Below are the records. List every line holding the word "rule".

BEGIN Records for the exercise

lemma forces_colours_extend:
  assumes "A \<in> Ob" "B0 \<in> Ob" "B \<in> Ob" "arr hom B0 B" "forces_colours Ob hom cmp A B0 k s"
  shows "forces_colours Ob hom cmp A B k s"
  unfolding forces_colours_def
proof
  fix C assume C: "C \<in> Ob"
  obtain g where g: "g \<in> hom B0 B" using assms(4) unfolding arr_def by blast
  obtain \<chi> :: "'m \<Rightarrow> nat" where \<chi>: "\<chi> ` hom A C \<subseteq> {..<k}"
    and forced: "\<forall>w\<in>hom B0 C. s \<le> card (\<chi> ` cmp w ` hom A B0)"
    using assms(5) C unfolding forces_colours_def by blast
  have "s \<le> card (\<chi> ` cmp w ` hom A B)" if w: "w \<in> hom B C" for w
  proof -
    have "cmp (cmp w g) ` hom A B0 \<subseteq> cmp w ` hom A B"
    proof (rule image_subsetI)
      fix f assume "f \<in> hom A B0"
      then show "cmp (cmp w g) f \<in> cmp w ` hom A B"
        using comp_assoc[OF assms(1,2,3) C _ g w] comp_in_hom[OF assms(1,2,3) _ g]
        by (metis image_eqI)
    qed
    moreover have "\<chi> ` cmp w ` hom A B \<subseteq> {..<k}"
      using \<chi> comp_image_hom[OF assms(1,3) C w] by blast
    then have "finite (\<chi> ` cmp w ` hom A B)"
      by (rule finite_subset) simp
    ultimately have "card (\<chi> ` cmp (cmp w g) ` hom A B0) \<le> card (\<chi> ` cmp w ` hom A B)"
      by (intro card_mono image_mono)
    moreover have "s \<le> card (\<chi> ` cmp (cmp w g) ` hom A B0)"
      using forced comp_in_hom[OF assms(2,3) C g w] by blast
    ultimately show ?thesis by linarith
  qed
  with \<chi> show "\<exists>\<chi>::'m \<Rightarrow> nat. \<chi> ` hom A C \<subseteq> {..<k} \<and>
      (\<forall>w\<in>hom B C. s \<le> card (\<chi> ` cmp w ` hom A B))"
    by (intro exI[of _ \<chi>]) simp
qed

lemma multi_ramsey_arrow_empty: "B \<in> Ob \<Longrightarrow> multi_ramsey_arrow hom cmp B B {} k 0"
  unfolding multi_ramsey_arrow_def using id_in_hom by auto

lemma comp_image_UN_insert_subset:
  assumes A: "A \<in> Ob" and As: "As \<subseteq> Ob" and B: "B \<in> Ob" and C1: "C1 \<in> Ob" and C: "C \<in> Ob"
    and v: "v \<in> hom B C1" and u: "u \<in> hom C1 C"
  shows "cmp (cmp u v) ` (\<Union>A'\<in>insert A As. hom A' B)
    \<subseteq> cmp u ` hom A C1 \<union> cmp u ` cmp v ` (\<Union>A'\<in>As. hom A' B)"
proof (rule image_subsetI)
  fix e assume "e \<in> (\<Union>A'\<in>insert A As. hom A' B)"
  then obtain A' where A': "A' \<in> insert A As" and e: "e \<in> hom A' B"
    by blast
  have "A' \<in> Ob" using A' A As by auto
  then have eq: "cmp (cmp u v) e = cmp u (cmp v e)" and ve: "cmp v e \<in> hom A' C1"
    using comp_assoc[OF _ B C1 C e v u] comp_in_hom[OF _ B C1 e v] by auto
  from A' consider "A' = A" | "A' \<in> As" by blast
  then show "cmp (cmp u v) e \<in> cmp u ` hom A C1 \<union> cmp u ` cmp v ` (\<Union>A'\<in>As. hom A' B)"
  proof cases
    case 1
    with ve show ?thesis unfolding eq by (intro UnI1 imageI) simp
  next
    case 2
    with e show ?thesis unfolding eq by (intro UnI2 imageI UN_I)
  qed
qed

END Records for the exercise

Written response:
    proof (rule image_subsetI)
      by (rule finite_subset) simp
proof (rule image_subsetI)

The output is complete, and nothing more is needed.